According to Project Vote Smart's 2016 analysis, Lewis generally supported anti-abortion legislation, opposed income tax increases, opposed mandatory minimum sentences for nonviolent drug offenders, opposed federal spending, supported lowering taxes as a means of promoting economic growth, opposed requiring states to adopt federal education standards, supported the building of the Keystone Pipeline, opposed federal regulation of greenhouse gas emissions, opposed gun-control legislation, supported repealing the Affordable Care Act, supported requiring immigrants who are unlawfully present to return to their country of origin before they are eligible for citizenship, and opposed American intervention in Iraq and Syria beyond air support.

=== Criminal justice reform ===
Lewis authored a bill that would provide education and vocational training resources to at-risk youth and young criminal offenders instead of levying penalties against them for petty offenses. He reintroduced the SAFE Justice Act, a criminal justice reform bill.

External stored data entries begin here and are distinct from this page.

(* Let $(Q,\rightarrow)$ be a finite transition system, $\mathscr{R}$ a preorder on $Q$ and $\mathscr{P}\subseteq\mathscr{R}$ an equivalence relation with a representative $E.\mathrm{rep}\in E$ fixed for each block $E$ of $\mathscr{P}$. Let $E$ be a block of $\mathscr{P}$ and $B$ a block of $\mathscr{R}$ such that $E\rightarrow B$ and $\mathrm{RelCount}_{(\mathscr{P},\mathscr{R})}(E,B)=0$ (a splitter transition of type 1). Let $P'=\mathrm{Split}(P_{\mathscr{P}},\rightarrow^{-1}(\mathscr{R}(B)))$. Then the equivalence relation $\mathscr{P}_{P'}$ is strictly included in $\mathscr{P}$ and contains every $\mathscr{R}$-block-stable equivalence relation included in $\mathscr{P}$.
   Context: A preorder is a reflexive transitive relation; its blocks are $[q]_{\mathscr{R}}=\{q'\mid q\,\mathscr{R}\,q'\wedge q'\,\mathscr{R}\,q\}$. $\mathscr{R}(X)=\{q'\mid\exists q\in X.\ q\,\mathscr{R}\,q'\}$, $\rightarrow^{-1}(Y)=\{q\mid\exists y\in Y.\ q\rightarrow y\}$. For sets $X,Y$ write $X\rightarrow Y$ if some $x\in X,y\in Y$ have $x\rightarrow y$, and $X\,\mathscr{R}\,Y$ if $(X\times Y)\cap\mathscr{R}\ne\emptyset$. $P_{\mathscr{P}}$ is the partition of $Q$ into blocks of $\mathscr{P}$, and $\mathscr{P}_P=\bigcup_{E\in P}E\times E$ for a partition $P$. $\mathrm{RelCount}_{(\mathscr{P},\mathscr{R})}(E,B)=|\{E'\in P_{\mathscr{P}}\mid E.\mathrm{rep}\rightarrow E'\wedge B\,\mathscr{R}\,E'\}|$. $\mathrm{Split}(P,M)$ is the partition obtained from $P$ by replacing each block $E$ with $E\cap M\neq\emptyset$ and $E\not\subseteq M$ by the two blocks $E\cap M$ and $E\setminus M$. An equivalence relation $\mathscr{P}''\subseteq\mathscr{R}$ is $\mathscr{R}$-block-stable if for all $b,d,d'$ with $d\,\mathscr{P}''\,d'$: $d\in\rightarrow^{-1}(\mathscr{R}(b))\iff d'\in\rightarrow^{-1}(\mathscr{R}(b))$. *)

theory Defs
  imports Main
begin

definition preorder_on :: "'a set \<Rightarrow> ('a \<times> 'a) set \<Rightarrow> bool" where
  "preorder_on Q R \<longleftrightarrow> refl_on Q R \<and> trans R"

definition rblock :: "('a \<times> 'a) set \<Rightarrow> 'a \<Rightarrow> 'a set" where
  "rblock R q = {q'. (q, q') \<in> R \<and> (q', q) \<in> R}"

definition preimg :: "('a \<times> 'a) set \<Rightarrow> 'a set \<Rightarrow> 'a set" where
  "preimg T Y = {q. \<exists>y\<in>Y. (q, y) \<in> T}"

definition set_trans :: "('a \<times> 'a) set \<Rightarrow> 'a set \<Rightarrow> 'a set \<Rightarrow> bool" where
  "set_trans T X Y \<longleftrightarrow> (\<exists>x\<in>X. \<exists>y\<in>Y. (x, y) \<in> T)"

definition set_rel :: "('a \<times> 'a) set \<Rightarrow> 'a set \<Rightarrow> 'a set \<Rightarrow> bool" where
  "set_rel R X Y \<longleftrightarrow> (X \<times> Y) \<inter> R \<noteq> {}"

definition RelCount ::
  "'a set \<Rightarrow> ('a \<times> 'a) set \<Rightarrow> ('a set \<Rightarrow> 'a) \<Rightarrow> ('a \<times> 'a) set \<Rightarrow> ('a \<times> 'a) set
     \<Rightarrow> 'a set \<Rightarrow> 'a set \<Rightarrow> nat" where
  "RelCount Q T rep P R E B =
     card {E' \<in> Q // P. set_trans T {rep E} E' \<and> set_rel R B E'}"

definition Split :: "'a set set \<Rightarrow> 'a set \<Rightarrow> 'a set set" where
  "Split PP M =
     {E \<in> PP. \<not> (E \<inter> M \<noteq> {} \<and> \<not> E \<subseteq> M)} \<union>
     (\<Union>E \<in> {E \<in> PP. E \<inter> M \<noteq> {} \<and> \<not> E \<subseteq> M}. {E \<inter> M, E - M})"

definition rel_of_partition :: "'a set set \<Rightarrow> ('a \<times> 'a) set" where
  "rel_of_partition PP = (\<Union>E \<in> PP. E \<times> E)"

definition block_stable :: "('a \<times> 'a) set \<Rightarrow> ('a \<times> 'a) set \<Rightarrow> ('a \<times> 'a) set \<Rightarrow> bool" where
  "block_stable T R P'' \<longleftrightarrow>
     (\<forall>b d d'. (d, d') \<in> P'' \<longrightarrow>
        (d \<in> preimg T (R `` {b}) \<longleftrightarrow> d' \<in> preimg T (R `` {b})))"

end

theory Submission
  imports Defs
begin

text \<open>Splitting the blocks of a partition by a set M keeps exactly those pairs of P-related
  states that M does not separate. A type 1 splitter has the representative of E outside M =
  pre(R(B)) (otherwise some block reached from it would be R-above B, making the count positive),
  while the source of the transition E \<rightarrow> B lies inside M; so E is really split. A block-stable
  relation never separates two states by a set pre(R(b)), hence never by their union M.\<close>

lemma rel_of_partition_Split_iff:
  assumes "equiv Q P"
  shows "(x, y) \<in> rel_of_partition (Split (Q // P) M) \<longleftrightarrow> (x, y) \<in> P \<and> (x \<in> M \<longleftrightarrow> y \<in> M)"
proof
  assume "(x, y) \<in> rel_of_partition (Split (Q // P) M)"
  then obtain X where X: "X \<in> Split (Q // P) M" "x \<in> X" "y \<in> X"
    unfolding rel_of_partition_def by auto
  then obtain C where C: "C \<in> Q // P" "X \<subseteq> C"
    "X = C \<or> X = C \<inter> M \<or> X = C - M" "X = C \<longrightarrow> (C \<inter> M = {} \<or> C \<subseteq> M)"
    unfolding Split_def by blast
  have "(x, y) \<in> P" using C X assms by (meson in_mono quotient_eq_iff)
  moreover have "x \<in> M \<longleftrightarrow> y \<in> M" using C X by blast
  ultimately show "(x, y) \<in> P \<and> (x \<in> M \<longleftrightarrow> y \<in> M)" by blast
next
  assume xy: "(x, y) \<in> P \<and> (x \<in> M \<longleftrightarrow> y \<in> M)"
  define C where "C = P `` {x}"
  have "x \<in> Q" using xy assms unfolding equiv_def refl_on_def by blast
  then have C_block: "C \<in> Q // P" and x_C: "x \<in> C"
    unfolding C_def using assms by (auto intro: quotientI simp: equiv_def refl_on_def)
  have y_C: "y \<in> C" unfolding C_def using xy by blast
  show "(x, y) \<in> rel_of_partition (Split (Q // P) M)"
  proof (cases "C \<inter> M \<noteq> {} \<and> \<not> C \<subseteq> M")
    case True
    then have "C \<inter> M \<in> Split (Q // P) M" "C - M \<in> Split (Q // P) M"
      using C_block unfolding Split_def by blast+
    then show ?thesis using x_C y_C xy unfolding rel_of_partition_def by blast
  next
    case False
    then have "C \<in> Split (Q // P) M" using C_block unfolding Split_def by blast
    then show ?thesis using x_C y_C unfolding rel_of_partition_def by blast
  qed
qed

lemma rel_of_partition_Split_psubset:
  assumes "equiv Q P" and "E \<in> Q // P"
    and "x \<in> E" "x \<in> M" and "y \<in> E" "y \<notin> M"
  shows "rel_of_partition (Split (Q // P) M) \<subset> P"
proof -
  note split_iff = rel_of_partition_Split_iff[OF assms(1)]
  have "(x, y) \<in> P" using assms by (meson quotient_eq_iff)
  moreover have "(x, y) \<notin> rel_of_partition (Split (Q // P) M)"
    using split_iff assms(4,6) by blast
  moreover have "rel_of_partition (Split (Q // P) M) \<subseteq> P"
    using split_iff by auto
  ultimately show ?thesis by blast
qed

lemma preimg_Image_eq_UN: "preimg T (R `` B) = (\<Union>b\<in>B. preimg T (R `` {b}))"
  unfolding preimg_def by blast

lemma block_stable_preimg_Image_iff:
  assumes "block_stable T R P''" and "(d, d') \<in> P''"
  shows "d \<in> preimg T (R `` B) \<longleftrightarrow> d' \<in> preimg T (R `` B)"
  using assms(1)[unfolded block_stable_def, rule_format, OF assms(2)]
  unfolding preimg_Image_eq_UN[of T R B] by simp

lemma block_stable_subset_rel_of_partition_Split:
  assumes "equiv Q P" and "P'' \<subseteq> P" and "block_stable T R P''"
  shows "P'' \<subseteq> rel_of_partition (Split (Q // P) (preimg T (R `` B)))"
proof (rule subrelI)
  fix d d' assume dd': "(d, d') \<in> P''"
  then have "(d, d') \<in> P" using assms(2) by blast
  with block_stable_preimg_Image_iff[OF assms(3) dd']
  show "(d, d') \<in> rel_of_partition (Split (Q // P) (preimg T (R `` B)))"
    by (simp add: rel_of_partition_Split_iff[OF assms(1)])
qed

lemma set_trans_source_in_preimg:
  assumes "refl_on Q R" and "T \<subseteq> Q \<times> Q" and "set_trans T E B"
  obtains x where "x \<in> E" "x \<in> preimg T (R `` B)"
proof -
  obtain x y where "x \<in> E" "y \<in> B" "(x, y) \<in> T"
    using assms(3) unfolding set_trans_def by blast
  moreover have "(y, y) \<in> R" using \<open>(x, y) \<in> T\<close> assms(1,2) unfolding refl_on_def by blast
  ultimately show ?thesis using that unfolding preimg_def by blast
qed

lemma RelCount_eq_0_rep_notin_preimg:
  assumes "finite Q" and "equiv Q P" and "T \<subseteq> Q \<times> Q"
    and "RelCount Q T rep P R E B = 0"
  shows "rep E \<notin> preimg T (R `` B)"
proof
  assume "rep E \<in> preimg T (R `` B)"
  then obtain z b where z: "(rep E, z) \<in> T" and "b \<in> B" "(b, z) \<in> R"
    unfolding preimg_def by blast
  have "z \<in> Q" using z assms(3) by blast
  then have block: "P `` {z} \<in> Q // P" and z_block: "z \<in> P `` {z}"
    using assms(2) by (auto intro: quotientI simp: equiv_def refl_on_def)
  have "P `` {z} \<in> {E' \<in> Q // P. set_trans T {rep E} E' \<and> set_rel R B E'}"
    using block z_block z \<open>b \<in> B\<close> \<open>(b, z) \<in> R\<close>
    unfolding set_trans_def set_rel_def by blast
  moreover have "finite (Q // P)"
    using assms(1,2) by (simp add: finite_quotient equiv_def)
  ultimately show False using assms(4) unfolding RelCount_def by auto
qed

theorem lemma3:
  fixes Q :: "'a set" and T R P :: "('a \<times> 'a) set" and rep :: "'a set \<Rightarrow> 'a"
    and E B :: "'a set"
  assumes finQ: "finite Q"
    and T_on: "T \<subseteq> Q \<times> Q"
    and R_pre: "preorder_on Q R"
    and P_eq: "equiv Q P"
    and P_R: "P \<subseteq> R"
    and rep_in: "\<And>X. X \<in> Q // P \<Longrightarrow> rep X \<in> X"
    and E_blk: "E \<in> Q // P"
    and B_blk: "\<exists>q\<in>Q. B = rblock R q"
    and E_to_B: "set_trans T E B"
    and cnt0: "RelCount Q T rep P R E B = 0"
  shows "rel_of_partition (Split (Q // P) (preimg T (R `` B))) \<subset> P
       \<and> (\<forall>P''. equiv Q P'' \<and> P'' \<subseteq> P \<and> block_stable T R P''
              \<longrightarrow> P'' \<subseteq> rel_of_partition (Split (Q // P) (preimg T (R `` B))))"
proof
  obtain x where "x \<in> E" "x \<in> preimg T (R `` B)"
    using R_pre T_on E_to_B set_trans_source_in_preimg unfolding preorder_on_def by metis
  moreover have "rep E \<in> E" using rep_in E_blk .
  moreover have "rep E \<notin> preimg T (R `` B)"
    using RelCount_eq_0_rep_notin_preimg[OF finQ P_eq T_on cnt0] .
  ultimately show "rel_of_partition (Split (Q // P) (preimg T (R `` B))) \<subset> P"
    using rel_of_partition_Split_psubset[OF P_eq E_blk] by blast
  show "\<forall>P''. equiv Q P'' \<and> P'' \<subseteq> P \<and> block_stable T R P''
          \<longrightarrow> P'' \<subseteq> rel_of_partition (Split (Q // P) (preimg T (R `` B)))"
    using block_stable_subset_rel_of_partition_Split[OF P_eq] by simp
qed

end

Lewis has criticized the war on drugs and compared it to the failed policy of alcohol prohibition in America. He cosponsored legislation to let states set their own policy on cannabis and to remove cannabis from the list of Schedule I drugs.

===Health care===
Lewis supported the March 2017 version of the American Health Care Act (the GOP's bill to repeal the Affordable Care Act). On May 4, 2017, he voted to repeal the ACA (Obamacare) and pass the American Health Care Act.

===LGBT rights===
In 2011, Lewis said that prohibitions on same-sex marriage were not discriminatory against gay people, because they would still be free to marry those of the opposite sex. In 2013, he argued against same-sex marriage, comparing gay people to rapists, speeders and polygamists. Lewis said that prohibitions against same-sex marriage could not be legally challenged on the basis of discrimination, because rapists and speeders could not reasonably argue that they were being discriminated against by prohibitions on rape and speeding. "The gay-rights lobby is playing underhanded to get their will and in the process they are shredding the Constitution of this country", he said.

Lewis suggested that households headed by gay parents might be harming their children and that more research was needed to confirm that they were not.

He called the decision of school boards to allow transgender restrooms and locker rooms in public schools an "abomination".

=== Taxes and spending ===
Lewis voted for the Tax Cuts and Jobs Act of 2017. He voted against the Bipartisan Budget Act of 2018, a bill that increased discretionary spending by $300 billion. After his vote he said, "I ran for Congress to get the economy going again by reducing taxes, regulations, deficits and debt. A $300 billion increase in discretionary spending along with hiking the debt ceiling fails on all accounts."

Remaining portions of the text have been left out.